The 2016 Puerto Rican general elections were held in Puerto Rico on Tuesday, November 8, 2016 to elect the officials of the Puerto Rican government that will serve from January 2017 to January 2021, most notably the Governor of Puerto Rico. Rossello was elected Governor of Puerto Rico with the second lowest percentage of votes. The election also resulted in a historic 23% drop in turnout. 2016's participation was the lowest voter turnout in Puerto Rican history. Rossello would go on to serve a 2 year term, having to resign on August 2, 2019 after historic protests as a result of the Telegramgate scandal. Wanda Vázquez Garced succeeded Rossello.

Governor of Puerto Rico

Nominations
Before the election year, the Constitution of Puerto Rico provides for any qualified person to present their candidacy for a specific position. If two or more candidates from the same party present their candidacy for the same position, and they can't reach an agreement within the party, a primary election is held. This election is held within the inscribed members of each party, to select which of the candidates will represent the party in the general election.

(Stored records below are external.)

lemma bounded_family_convergent_subseq:
  fixes z :: "nat \<Rightarrow> 'a \<Rightarrow> real"
  assumes "finite I" "\<And>k a. a \<in> I \<Longrightarrow> \<bar>z k a\<bar> \<le> B"
  shows "\<exists>s. strict_mono s \<and> (\<forall>a\<in>I. convergent (\<lambda>k. z (s k) a))"
  using assms
proof (induction I rule: finite_induct)
  case empty
  show ?case by (intro exI[of _ id]) (simp add: strict_mono_def)
next
  case (insert a F)
  then obtain s where s: "strict_mono s" "\<forall>b\<in>F. convergent (\<lambda>k. z (s k) b)" by auto
  obtain t where t: "strict_mono t" "monoseq (\<lambda>k. z (s (t k)) a)"
    using seq_monosub[of "\<lambda>k. z (s k) a"] by (auto simp: o_def)
  have "Bseq (\<lambda>k. z (s (t k)) a)"
    using insert.prems by (intro BseqI'[of _ B]) auto
  then have "convergent (\<lambda>k. z (s (t k)) a)" using t(2) by (rule Bseq_monoseq_convergent)
  moreover have "\<forall>b\<in>F. convergent (\<lambda>k. z (s (t k)) b)"
    using s(2) convergent_subseq_convergent[OF _ t(1)] by (auto simp: o_def)
  ultimately show ?case using s(1) t(1) by (intro exI[of _ "s \<circ> t"]) (auto simp: strict_mono_def)
qed

lemma posdef_imp_coercive:
  assumes fin: "finite I" and pd: "posdef_mat I G"
  shows "\<exists>c>0. coercive I c G"
proof (rule ccontr)
  assume "\<not> ?thesis"
  then have "\<forall>k. \<exists>z. vnorm I z = 1 \<and> qform I G z < 1 / real (Suc k)"
    using not_coercive_imp_unit_vec[OF fin] by simp
  then obtain z where z1: "\<And>k. vnorm I (z k) = 1" and zq: "\<And>k. qform I G (z k) < 1 / real (Suc k)"
    by metis
  have "\<bar>z k a\<bar> \<le> 1" if "a \<in> I" for k a
    using abs_le_vnorm[OF fin that, of "z k"] z1 by simp
  then obtain s where s: "strict_mono s" "\<forall>a\<in>I. convergent (\<lambda>k. z (s k) a)"
    using bounded_family_convergent_subseq[OF fin] by blast
  define y where "y a = lim (\<lambda>k. z (s k) a)" for a
  have lim: "(\<lambda>k. z (s k) a) \<longlonglongrightarrow> y a" if "a \<in> I" for a
    using s(2) that unfolding y_def by (simp add: convergent_LIMSEQ_iff)
  have "(\<lambda>k. vnorm I (z (s k))) \<longlonglongrightarrow> vnorm I y" by (rule tendsto_vnorm[OF lim])
  then have "vnorm I y = 1" using z1 by (simp add: LIMSEQ_const_iff)
  then have "\<exists>a\<in>I. y a \<noteq> 0" by (metis vnorm_eq_0_iff[OF fin] zero_neq_one)
  moreover have "qform I G y \<le> 0"
  proof (rule LIMSEQ_le[OF tendsto_qform[OF lim]])
    have "(\<lambda>k. 1 / real (Suc k)) \<longlonglongrightarrow> 0" by (rule LIMSEQ_Suc[OF lim_inverse_n'])
    then show "(\<lambda>k. 1 / real (Suc (s k))) \<longlonglongrightarrow> 0"
      using LIMSEQ_subseq_LIMSEQ[OF _ s(1)] by (simp add: o_def)
    show "\<exists>N. \<forall>k\<ge>N. qform I G (z (s k)) \<le> 1 / real (Suc (s k))"
      using zq less_imp_le by blast
  qed
  ultimately show False using pd unfolding posdef_mat_def by force
qed

lemma coercive_iff_rational:
  assumes fin: "finite I"
  shows "coercive I c G \<longleftrightarrow> (\<forall>x\<in>PiE I (\<lambda>_. \<rat>). c * (vnorm I x)\<^sup>2 \<le> qform I G x)"
proof
  assume rat: "\<forall>x\<in>PiE I (\<lambda>_. \<rat>). c * (vnorm I x)\<^sup>2 \<le> qform I G x"
  show "coercive I c G"
    unfolding coercive_def
  proof
    fix x :: "nat \<times> nat \<Rightarrow> real"
    have "\<exists>r. (\<forall>n. r n \<in> \<rat>) \<and> r \<longlonglongrightarrow> x a" for a
      using closure_sequential[of "x a" "\<rat> :: real set"] by (simp add: Rats_closure_real)
    then obtain r where r: "\<And>a n. r a n \<in> \<rat>" "\<And>a. r a \<longlonglongrightarrow> x a" by metis
    define y where "y n = restrict (\<lambda>a. r a n) I" for n
    have lim: "(\<lambda>n. y n a) \<longlonglongrightarrow> x a" if "a \<in> I" for a
      using r(2)[of a] that by (simp add: y_def)
    show "c * (vnorm I x)\<^sup>2 \<le> qform I G x"
    proof (rule LIMSEQ_le)
      show "(\<lambda>n. c * (vnorm I (y n))\<^sup>2) \<longlonglongrightarrow> c * (vnorm I x)\<^sup>2"
        by (intro tendsto_mult tendsto_const tendsto_power tendsto_vnorm lim)
      show "(\<lambda>n. qform I G (y n)) \<longlonglongrightarrow> qform I G x" by (rule tendsto_qform[OF lim])
      show "\<exists>N. \<forall>n\<ge>N. c * (vnorm I (y n))\<^sup>2 \<le> qform I G (y n)"
        using rat r(1) by (auto simp: y_def)
    qed
  qed
qed (auto simp: coercive_def)

lemma sets_coercive:
  fixes G :: "'w \<Rightarrow> nat \<times> nat \<Rightarrow> nat \<times> nat \<Rightarrow> real"
  assumes "finite I" "\<And>a b. a \<in> I \<Longrightarrow> b \<in> I \<Longrightarrow> (\<lambda>\<omega>. G \<omega> a b) \<in> borel_measurable M"
  shows "{\<omega> \<in> space M. coercive I c (G \<omega>)} \<in> sets M"
  unfolding coercive_iff_rational[OF assms(1)] qform_def
  using assms by (intro sets.sets_Collect_countable_All' countable_PiE countable_rat borel_measurable_le
      borel_measurable_const borel_measurable_sum borel_measurable_times) auto

text \<open>\<open>\<kappa>\<close> takes values in \<open>1, 2, 3, \<dots>\<close>, so that its measurability reduces to that of the events
  \<open>coercive I (1 / k) (G \<omega>)\<close>.\<close>

lemma random_coercivity_modulus:
  fixes G :: "'w \<Rightarrow> nat \<times> nat \<Rightarrow> nat \<times> nat \<Rightarrow> real"
  assumes fin: "finite I"
    and meas: "\<And>a b. a \<in> I \<Longrightarrow> b \<in> I \<Longrightarrow> (\<lambda>\<omega>. G \<omega> a b) \<in> borel_measurable M"
    and pd: "\<And>\<omega>. \<omega> \<in> space M \<Longrightarrow> posdef_mat I (G \<omega>)"
  obtains \<kappa> where "\<kappa> \<in> borel_measurable M" "\<And>\<omega>. \<omega> \<in> space M \<Longrightarrow> 1 \<le> \<kappa> \<omega>"
    "\<And>\<omega>. \<omega> \<in> space M \<Longrightarrow> coercive I (1 / \<kappa> \<omega>) (G \<omega>)"
proof
  define k where "k \<omega> = (LEAST k. coercive I (1 / real (Suc k)) (G \<omega>))" for \<omega>
  have "k \<in> measurable M (count_space UNIV)"
    unfolding k_def using sets_coercive[OF fin meas] by (intro measurable_Least) (simp add: pred_def)
  then show "(\<lambda>\<omega>. real (Suc (k \<omega>))) \<in> borel_measurable M" by simp
  fix \<omega> assume "\<omega> \<in> space M"
  then obtain c where "0 < c" "coercive I c (G \<omega>)" using posdef_imp_coercive[OF fin pd] by blast
  moreover obtain j where "inverse (real (Suc j)) < c" using reals_Archimedean[OF \<open>0 < c\<close>] by blast
  ultimately have "coercive I (1 / real (Suc j)) (G \<omega>)" by (auto intro: coercive_mono simp: inverse_eq_divide)
  then show "coercive I (1 / real (Suc (k \<omega>))) (G \<omega>)" unfolding k_def by (rule LeastI)
qed simp

section \<open>Boundedness and convergence in probability\<close>

lemma (in finite_measure) measure_le_add_if_AE_subset:
  assumes "AE \<omega> in M. \<omega> \<in> A \<longrightarrow> \<omega> \<in> B \<or> \<omega> \<in> C" "B \<in> sets M" "C \<in> sets M"
  shows "measure M A \<le> measure M B + measure M C"
proof -
  have "measure M A \<le> measure M (B \<union> C)"
    using assms by (intro finite_measure_mono_AE) auto
  also have "\<dots> \<le> measure M B + measure M C" using assms(2,3) by (rule measure_Un_le)
  finally show ?thesis .
qed

lemma borel_measurable_vnorm:
  assumes "\<And>a. a \<in> I \<Longrightarrow> (\<lambda>\<omega>. f \<omega> a) \<in> borel_measurable M"
  shows "(\<lambda>\<omega>. vnorm I (f \<omega>)) \<in> borel_measurable M"
  unfolding vnorm_def using assms
  by (intro measurable_compose[OF _ borel_measurable_sqrt] borel_measurable_sum borel_measurable_power)

lemma sets_abs_gt:
  fixes f :: "'w \<Rightarrow> real"
  shows "f \<in> borel_measurable M \<Longrightarrow> {\<omega> \<in> space M. K < \<bar>f \<omega>\<bar>} \<in> sets M"
  by measurable

lemma bounded_in_probD:
  assumes "prob_space M" "bounded_in_prob M X" "0 < e"
  obtains K N where "0 < K" "\<And>n. N \<le> n \<Longrightarrow> measure M {\<omega> \<in> space M. K < \<bar>X n \<omega>\<bar>} \<le> e"
proof -
  interpret prob_space M by fact
  have meas: "X n \<in> borel_measurable M" for n
    using assms(2) by (simp add: bounded_in_prob_def)
  have "\<exists>K N. \<forall>n\<ge>N. measure M {\<omega> \<in> space M. K < \<bar>X n \<omega>\<bar>} \<le> e"
    using assms(2,3) by (simp add: bounded_in_prob_def)
  then obtain K N where KN: "\<And>n. N \<le> n \<Longrightarrow> measure M {\<omega> \<in> space M. K < \<bar>X n \<omega>\<bar>} \<le> e"
    by blast
  have "measure M {\<omega> \<in> space M. max K 1 < \<bar>X n \<omega>\<bar>} \<le> measure M {\<omega> \<in> space M. K < \<bar>X n \<omega>\<bar>}" for n
    by (rule finite_measure_mono) (auto intro: sets_abs_gt meas)
  then show ?thesis using KN by (intro that[of "max K 1"]) (auto intro: order_trans)
qed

Both of the main parties: New Progressive Party (PNP) and Popular Democratic Party (PPD), held primaries for several positions on June 5, 2016.

New Progressive Party (PNP)

The primaries were held on June 5, 2016 to determine candidates for Governor of Puerto Rico, the Senate, House of Representatives, and others.

Popular Democratic Party (PPD)

The primaries were held on June 5, 2016 to determine several candidates for the Senate, House of Representatives, and others.

Minor parties
Two minor parties officialized their gubernatorial candidates. The Working People's Party (PPT) nominated Rafael Bernabe once again. The Puerto Rican Independence Party (PIP) nominated María de Lourdes Santiago.

Independents
As of November 2015, two independent candidates expressed their interest in running for Governor:
Alexandra Lúgaro, attorney
Manuel Cidre, businessman

Final candidates

Governor

The official candidates for the position of Governor of Puerto Rico are:
 David Bernier, Popular Democratic Party (PPD)
 Ricky Rosselló, New Progressive Party (PNP)
 María de Lourdes Santiago, Puerto Rican Independence Party (PIP)
 Rafael Bernabe Riefkohl, Working People's Party of Puerto Rico (PPT)
 Alexandra Lúgaro, Independent candidate
 Manuel Cidre, Independent candidate

Resident Commissioner

The official candidates for the position of Resident Commissioner of Puerto Rico are:
 Héctor Ferrer, Popular Democratic Party (PPD)
 Jenniffer González, New Progressive Party (PNP)
 Hugo Rodríguez, Puerto Rican Independence Party (PIP)
 Mariana Nogales, Working People's Party of Puerto Rico (PPT)

Senate of Puerto Rico

At-large

The ballot featured sixteen (16) candidates from four different parties and one independent candidate (bold denotes incumbent candidates)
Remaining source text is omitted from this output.